Detailed explanation of Fast-RCNN network

I. Introduction

I learned the SS algorithm and the R-CNN network before, and then continue to learn the Fast-RCNN network.
insert image description here

This article has two purposes, one is as a personal note, which is convenient for you to consolidate your review knowledge; the other is to help friends who are self-studying, and hope that the poor insights can help everyone.

2. Principle steps of Fast-RCNN

Fast-RCNN can be divided into three steps:

1) Use the SS algorithm to generate about 1-2k candidate boxes.
2) Refer to the SPPnet model to input the entire picture into the network to obtain the feature map, and then map the candidate frame obtained in the first step to the feature matrix to extract the feature matrix.
3) The feature layer channel ROI pooling operation is scaled to a size of 7*7, and a series of fully connected layers are flattened and connected to obtain classification results and bounding box regression parameters.

2.1 Generation of candidate regions

insert image description here
The picture above shows the comparison of the way R-CNN and Fast-RCNN generate candidate regions

R-CNN
It can be seen that the candidate boxes generated by R-CNN need to be input into the deep network to extract features, perform forward propagation, and repeat calculations in redundant areas, which greatly increases the amount of calculation and reduces efficiency.
Fast-RCNN
It inputs the entire picture into the network to obtain a feature map, and the candidate frames obtained by the SS algorithm are mapped to the feature map to obtain features, so that there is no need to repeatedly calculate these candidate regions. The amount of calculation is greatly reduced.
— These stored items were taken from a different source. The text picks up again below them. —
(* Let $p$ be a prime, $\Delta<0$ a discriminant, and $(A,B,C)\in \mathrm{CL}(\Delta p^2)$. Let $(a,b,c)\in\mathrm{CL}(\Delta)$ be the (unique) class with $(A,B,C)\in\Psi_p(a,b,c)$. Then $$P_{p,0}(A,B,C,q)=(a,b,c,q^{p^2}).$$
   Context: A form $(a,b,c)$ denotes the $SL(2,\mathbb Z)$-equivalence class of the positive definite form $ax^2+bxy+cy^2$ ($a>0$) of discriminant $b^2-4ac<0$; it is primitive if $\gcd(a,b,c)=1$, and $\mathrm{CL}(\Delta)$ is the set of classes of primitive forms of discriminant $\Delta$. The theta series $(a,b,c,q):=\sum_{(x,y)\in\mathbb Z^2}q^{ax^2+bxy+cy^2}$ depends only on the class; $(a,b,c,q^k)$ is this series with $q\mapsto q^k$. For $m\ge1$, $0\le r<m$: $P_{m,r}\sum_{n\ge0}a(n)q^n=\sum_{n\ge0}a(mn+r)q^{mn+r}$. For a prime $p$ and primitive $(a,b,c)$ of discriminant $\Delta$, $\Psi_p(a,b,c)$ is the set of distinct classes of primitive forms occurring in the list $(a,bp,cp^2)$, $(ap^2,\,p(b+2ah),\,ah^2+bh+c)$ ($0\le h<p$) of forms of discriminant $\Delta p^2$. Known fact (Buell): $\Psi_p$ is well defined on classes, and the sets $\Psi_p(f)$, $f\in\mathrm{CL}(\Delta)$, are pairwise disjoint and partition $\mathrm{CL}(\Delta p^2)$; moreover each class of $\Psi_p(a,b,c)$ occurs exactly $w$ times in the list, where $w=3$ if $\Delta=-3$, $w=2$ if $\Delta=-4$, $w=1$ if $\Delta<-4$. *)

theory Defs
  imports "HOL-Computational_Algebra.Computational_Algebra"
begin

type_synonym form = "int \<times> int \<times> int"

definition form_val :: "form \<Rightarrow> int \<Rightarrow> int \<Rightarrow> int" where
  "form_val f x y = (case f of (a, b, c) \<Rightarrow> a * x^2 + b * x * y + c * y^2)"

definition disc :: "form \<Rightarrow> int" where
  "disc f = (case f of (a, b, c) \<Rightarrow> b^2 - 4 * a * c)"

definition pos_def_form :: "form \<Rightarrow> bool" where
  "pos_def_form f = (case f of (a, b, c) \<Rightarrow> a > 0 \<and> disc f < 0)"

definition primitive_form :: "form \<Rightarrow> bool" where
  "primitive_form f = (case f of (a, b, c) \<Rightarrow> gcd a (gcd b c) = 1)"

text \<open>Action of the matrix (al be; ga de) in SL(2,Z): (x,y) to (al x + be y, ga x + de y).\<close>
definition form_act :: "form \<Rightarrow> int \<Rightarrow> int \<Rightarrow> int \<Rightarrow> int \<Rightarrow> form" where
  "form_act f al be ga de = (case f of (a, b, c) \<Rightarrow>
     (a*al^2 + b*al*ga + c*ga^2,
      2*a*al*be + b*(al*de + be*ga) + 2*c*ga*de,
      a*be^2 + b*be*de + c*de^2))"

definition form_equiv :: "form \<Rightarrow> form \<Rightarrow> bool" where
  "form_equiv f g = (\<exists>al be ga de. al*de - be*ga = 1 \<and> g = form_act f al be ga de)"

definition form_class :: "form \<Rightarrow> form set" where
  "form_class f = {g. form_equiv f g}"

definition CL :: "int \<Rightarrow> form set set" where
  "CL D = {form_class f | f. pos_def_form f \<and> primitive_form f \<and> disc f = D}"

definition Psi_list :: "nat \<Rightarrow> form \<Rightarrow> form list" where
  "Psi_list p f = (case f of (a, b, c) \<Rightarrow>
     (a, b * int p, c * int p^2) #
     map (\<lambda>h. (a * int p^2, int p * (b + 2*a*h), a*h^2 + b*h + c)) [0..int p - 1])"

definition Psi :: "nat \<Rightarrow> form \<Rightarrow> form set set" where
  "Psi p f = form_class ` {g \<in> set (Psi_list p f). primitive_form g}"

definition theta :: "form \<Rightarrow> int fps" where
  "theta f = Abs_fps (\<lambda>n. int (card {(x, y). form_val f x y = int n}))"

definition P_op :: "nat \<Rightarrow> nat \<Rightarrow> int fps \<Rightarrow> int fps" where
  "P_op m r F = Abs_fps (\<lambda>n. if n mod m = r then F $ n else 0)"

end

theory Submission
  imports Defs
begin

text \<open>Buell's list consists of the forms g with g(M v) = p^2 f(v), where f = (a,b,c) and M is
  diag(p,1) or [[1,-h],[0,p]]. Primitivity of g makes its corner coefficient prime to p, so p
  divides g(x,y) only if (x,y) lies in the lattice M Z^2. Hence v -> M v maps the representations
  of k by f bijectively onto those of p^2 k by g, while g represents no multiple of p that is not
  a multiple of p^2. Since theta series are class invariants, this is the claim.\<close>

lemma fps_compose_X_power_nth:
  fixes F :: "'a::comm_semiring_1 fps"
  assumes "k > 0"
  shows "(F oo fps_X ^ k) $ n = (if k dvd n then F $ (n div k) else 0)"
proof -
  have "(F oo fps_X ^ k) $ n = (\<Sum>i = 0..n. if i = n div k \<and> k dvd n then F $ i else 0)"
    using assms by (auto simp: fps_compose_nth power_mult[symmetric] intro!: sum.cong)
  also have "\<dots> = (if k dvd n then F $ (n div k) else 0)"
    by (simp add: sum.delta')
  finally show ?thesis .
qed

definition representations :: "form \<Rightarrow> int \<Rightarrow> (int \<times> int) set" where
  "representations f n = {(x, y). form_val f x y = n}"

lemma theta_nth: "theta f $ n = int (card (representations f (int n)))"
  by (simp add: theta_def representations_def)

definition lin_map :: "int \<Rightarrow> int \<Rightarrow> int \<Rightarrow> int \<Rightarrow> int \<times> int \<Rightarrow> int \<times> int" where
  "lin_map al be ga de v = (al * fst v + be * snd v, ga * fst v + de * snd v)"

lemma lin_map_adjugate:
  "lin_map al be ga de (lin_map de (- be) (- ga) al v) = ((al*de - be*ga) * fst v, (al*de - be*ga) * snd v)"
  "lin_map de (- be) (- ga) al (lin_map al be ga de v) = ((al*de - be*ga) * fst v, (al*de - be*ga) * snd v)"
  by (simp_all add: lin_map_def algebra_simps)

lemma inj_lin_map:
  assumes "al * de - be * ga \<noteq> 0"
  shows "inj (lin_map al be ga de)"
proof (rule injI)
  fix u v assume "lin_map al be ga de u = lin_map al be ga de v"
  then have "lin_map de (- be) (- ga) al (lin_map al be ga de u) = lin_map de (- be) (- ga) al (lin_map al be ga de v)"
    by simp
  with assms show "u = v"
    by (simp only: lin_map_adjugate) (simp add: prod_eq_iff)
qed

lemma lin_map_inverse:
  assumes "al * de - be * ga = 1"
  shows "lin_map al be ga de (lin_map de (- be) (- ga) al v) = v"
    and "lin_map de (- be) (- ga) al (lin_map al be ga de v) = v"
  using assms by (simp_all add: lin_map_adjugate)

lemma form_val_form_act:
  "form_val (form_act f al be ga de) x y = form_val f (al*x + be*y) (ga*x + de*y)"
  by (cases f) (simp add: form_val_def form_act_def power2_eq_square algebra_simps)

lemma bij_betw_representations_form_act:
  assumes "al * de - be * ga = 1"
  shows "bij_betw (lin_map al be ga de) (representations (form_act f al be ga de) n) (representations f n)"
proof (rule bij_betw_byWitness[where f' = "lin_map de (- be) (- ga) al"])
  have transport: "v \<in> representations (form_act f al be ga de) n \<longleftrightarrow> lin_map al be ga de v \<in> representations f n" for v
    by (auto simp: representations_def form_val_form_act lin_map_def split: prod.splits)
  show "lin_map al be ga de ` representations (form_act f al be ga de) n \<subseteq> representations f n"
    using transport by blast
  show "lin_map de (- be) (- ga) al ` representations f n \<subseteq> representations (form_act f al be ga de) n"
  proof (rule image_subsetI)
    fix v assume "v \<in> representations f n"
    then have "lin_map al be ga de (lin_map de (- be) (- ga) al v) \<in> representations f n"
      by (simp add: lin_map_inverse[OF assms])
    then show "lin_map de (- be) (- ga) al v \<in> representations (form_act f al be ga de) n"
      using transport by blast
  qed
qed (simp_all add: lin_map_inverse[OF assms])

lemma theta_form_act:
  assumes "al * de - be * ga = 1"
  shows "theta (form_act f al be ga de) = theta f"
  by (rule fps_ext) (simp add: theta_nth bij_betw_same_card[OF bij_betw_representations_form_act[OF assms]])

lemma theta_form_class:
  assumes "g \<in> form_class f"
  shows "theta g = theta f"
  using assms by (auto simp: form_class_def form_equiv_def theta_form_act)

lemma form_class_refl: "f \<in> form_class f"
proof -
  have "form_act f 1 0 0 1 = f"
    by (cases f) (simp add: form_act_def)
  then show ?thesis
    unfolding form_class_def form_equiv_def
    by (intro CollectI exI[of _ 1] exI[of _ 0]) simp
qed

lemma card_representations_eq_scaled:
  assumes "al * de - be * ga \<noteq> 0"
    and scaled: "\<And>x y. form_val g (al*x + be*y) (ga*x + de*y) = k * form_val f x y"
    and lattice: "\<And>x y. d dvd form_val g x y \<Longrightarrow> (x, y) \<in> range (lin_map al be ga de)"
    and "d dvd n"
  shows "card (representations g n) = card {(x, y). k * form_val f x y = n}"
proof -
  have transported: "lin_map al be ga de v \<in> representations g n \<longleftrightarrow> v \<in> {(x, y). k * form_val f x y = n}" for v
    by (cases v) (simp add: representations_def lin_map_def scaled)
  have "representations g n = lin_map al be ga de ` {(x, y). k * form_val f x y = n}"
  proof (intro equalityI subsetI)
    fix u assume u: "u \<in> representations g n"
    with lattice \<open>d dvd n\<close> have "u \<in> range (lin_map al be ga de)"
      by (cases u) (simp add: representations_def)
    then obtain v where "u = lin_map al be ga de v"
      by blast
    with u transported show "u \<in> lin_map al be ga de ` {(x, y). k * form_val f x y = n}"
      by blast
  qed (use transported in blast)
  then show ?thesis
    using inj_lin_map[OF assms(1)] by (simp add: card_image inj_on_subset)
qed

lemma Collect_scaled_form_val_eq:
  assumes "k \<noteq> 0"
  shows "{(x, y). k * form_val f x y = n} = (if k dvd n then representations f (n div k) else {})"
  using assms by (auto simp: representations_def)

lemma P_op_theta_eq_compose_theta:
  fixes m :: nat
  assumes "m > 0" and "al * de - be * ga \<noteq> 0"
    and scaled: "\<And>x y. form_val g (al*x + be*y) (ga*x + de*y) = int m ^ 2 * form_val f x y"
    and lattice: "\<And>x y. int m dvd form_val g x y \<Longrightarrow> (x, y) \<in> range (lin_map al be ga de)"
  shows "P_op m 0 (theta g) = theta f oo fps_X ^ (m ^ 2)"
proof (rule fps_ext)
  fix n
  show "P_op m 0 (theta g) $ n = (theta f oo fps_X ^ (m ^ 2)) $ n"
  proof (cases "m dvd n")
    case False
    then have "n mod m \<noteq> 0" and "\<not> m ^ 2 dvd n"
      by (auto simp: power2_eq_square dvd_eq_mod_eq_0[symmetric] dest: dvd_mult_left)
    with \<open>m > 0\<close> show ?thesis
      by (simp add: P_op_def fps_compose_X_power_nth)
  next
    case True
    then have "card (representations g (int n)) = card {(x, y). int m ^ 2 * form_val f x y = int n}"
      by (intro card_representations_eq_scaled[OF assms(2) scaled lattice]) auto
    with True have "P_op m 0 (theta g) $ n = int (card {(x, y). int m ^ 2 * form_val f x y = int n})"
      by (simp add: P_op_def theta_nth)
    also have "\<dots> = (theta f oo fps_X ^ (m ^ 2)) $ n"
    proof -
      have "int m ^ 2 dvd int n \<longleftrightarrow> m ^ 2 dvd n"
        by (metis int_dvd_int_iff of_nat_power)
      with \<open>m > 0\<close> show ?thesis
        by (simp add: Collect_scaled_form_val_eq fps_compose_X_power_nth theta_nth zdiv_int)
    qed
    finally show ?thesis .
  qed
qed

lemma primitive_form_not_prime_dvd_all:
  assumes "primitive_form (a, b, c)" and "prime (q :: int)"
  shows "\<not> (q dvd a \<and> q dvd b \<and> q dvd c)"
proof
  assume "q dvd a \<and> q dvd b \<and> q dvd c"
  then have "q dvd gcd a (gcd b c)"
    by simp
  with assms show False
    by (simp add: primitive_form_def not_prime_unit)
qed

lemma prime_dvd_of_dvd_quadratic:
  fixes q a x t :: int
  assumes "prime q" and "\<not> q dvd a" and "q dvd a * x ^ 2 + q * t"
  shows "q dvd x"
proof -
  from assms(3) have "q dvd a * x ^ 2"
    by (simp add: dvd_add_left_iff)
  with assms(1,2) show ?thesis
    by (simp add: prime_dvd_mult_iff prime_dvd_power_iff)
qed

lemma P_op_theta_Psi_list_head:
  assumes "prime p" and "primitive_form (a, b * int p, c * int p ^ 2)"
  shows "P_op p 0 (theta (a, b * int p, c * int p ^ 2)) = theta (a, b, c) oo fps_X ^ (p ^ 2)"
proof (rule P_op_theta_eq_compose_theta[where al = "int p" and be = 0 and ga = 0 and de = 1])
  have q: "prime (int p)"
    using assms(1) by simp
  then have "\<not> int p dvd a"
    using primitive_form_not_prime_dvd_all[OF assms(2) q] by (simp add: power2_eq_square)
  moreover have "form_val (a, b * int p, c * int p ^ 2) x y = a * x ^ 2 + int p * (b * x * y + c * int p * y ^ 2)" for x y
    by (simp add: form_val_def power2_eq_square algebra_simps)
  ultimately have p_dvd: "int p dvd x" if "int p dvd form_val (a, b * int p, c * int p ^ 2) x y" for x y
    using prime_dvd_of_dvd_quadratic[OF q] that by metis
  show "(x, y) \<in> range (lin_map (int p) 0 0 1)"
    if p_dvd_val: "int p dvd form_val (a, b * int p, c * int p ^ 2) x y" for x y
  proof -
    obtain u where "x = int p * u"
      using p_dvd[OF p_dvd_val] by (elim dvdE)
    then have "(x, y) = lin_map (int p) 0 0 1 (u, y)"
      by (simp add: lin_map_def)
    then show ?thesis
      by (metis rangeI)
  qed
qed (use assms(1) prime_gt_0_nat in \<open>auto simp: form_val_def power2_eq_square algebra_simps\<close>)

lemma P_op_theta_Psi_list_tail:
  assumes "prime p" and "primitive_form (a * int p ^ 2, int p * (b + 2*a*h), a*h^2 + b*h + c)"
  shows "P_op p 0 (theta (a * int p ^ 2, int p * (b + 2*a*h), a*h^2 + b*h + c)) = theta (a, b, c) oo fps_X ^ (p ^ 2)"
proof (rule P_op_theta_eq_compose_theta[where al = 1 and be = "- h" and ga = 0 and de = "int p"])
  have q: "prime (int p)"
    using assms(1) by simp
  then have "\<not> int p dvd a*h^2 + b*h + c"
    using primitive_form_not_prime_dvd_all[OF assms(2) q] by (simp add: power2_eq_square)
  moreover have "form_val (a * int p ^ 2, int p * (b + 2*a*h), a*h^2 + b*h + c) x y
      = (a*h^2 + b*h + c) * y ^ 2 + int p * (a * int p * x^2 + (b + 2*a*h) * x * y)" for x y
    by (simp add: form_val_def power2_eq_square algebra_simps)
  ultimately have p_dvd: "int p dvd y" if "int p dvd form_val (a * int p ^ 2, int p * (b + 2*a*h), a*h^2 + b*h + c) x y" for x y
    using prime_dvd_of_dvd_quadratic[OF q] that by metis
  show "(x, y) \<in> range (lin_map 1 (- h) 0 (int p))"
    if p_dvd_val: "int p dvd form_val (a * int p ^ 2, int p * (b + 2*a*h), a*h^2 + b*h + c) x y" for x y
  proof -
    obtain v where "y = int p * v"
      using p_dvd[OF p_dvd_val] by (elim dvdE)
    then have "(x, y) = lin_map 1 (- h) 0 (int p) (x + h * v, v)"
      by (simp add: lin_map_def)
    then show ?thesis
      by (metis rangeI)
  qed
qed (use assms(1) prime_gt_0_nat in \<open>auto simp: form_val_def power2_eq_square algebra_simps\<close>)

lemma P_op_theta_Psi_list:
  assumes "prime p" and "g \<in> set (Psi_list p (a, b, c))" and "primitive_form g"
  shows "P_op p 0 (theta g) = theta (a, b, c) oo fps_X ^ (p ^ 2)"
  using assms P_op_theta_Psi_list_head P_op_theta_Psi_list_tail
  by (auto simp: Psi_list_def)

theorem lemma4p3:
  fixes p :: nat and D A B C a b c :: int
  assumes "prime p"
    and "D < 0"
    and "D mod 4 = 0 \<or> D mod 4 = 1"
    and "form_class (A, B, C) \<in> CL (D * int p^2)"
    and "form_class (a, b, c) \<in> CL D"
    and "form_class (A, B, C) \<in> Psi p (a, b, c)"
  shows "P_op p 0 (theta (A, B, C)) = theta (a, b, c) oo (fps_X ^ (p^2))"
proof -
  obtain g where g: "g \<in> set (Psi_list p (a, b, c))" "primitive_form g"
    and same_class: "form_class (A, B, C) = form_class g"
    using assms(6) unfolding Psi_def by blast
  have "(A, B, C) \<in> form_class g"
    using form_class_refl[of "(A, B, C)"] same_class by simp
  then have "theta (A, B, C) = theta g"
    by (rule theta_form_class)
  with P_op_theta_Psi_list[OF assms(1) g] show ?thesis
    by simp
qed

end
Sampling of training data (positive and negative samples)

Unlike R-CNN, we did not use all the candidate boxes generated by the SS algorithm. The nearly 2,000 candidate boxes generated by the SS algorithm actually used only a small part of the candidate boxes for training, and the samples were divided into positive samples and Negative samples. It is mentioned in the specific paper that the division into positive samples and negative samples is to balance the data, because if there are obviously too many positive samples, then the network will take it for granted that the candidate frame to be recognized is a type of target type, but in fact the candidate frame It is also likely to be the background, so in order to balance the inclusion of the target and the inclusion of the background, it is divided into positive samples and negative samples.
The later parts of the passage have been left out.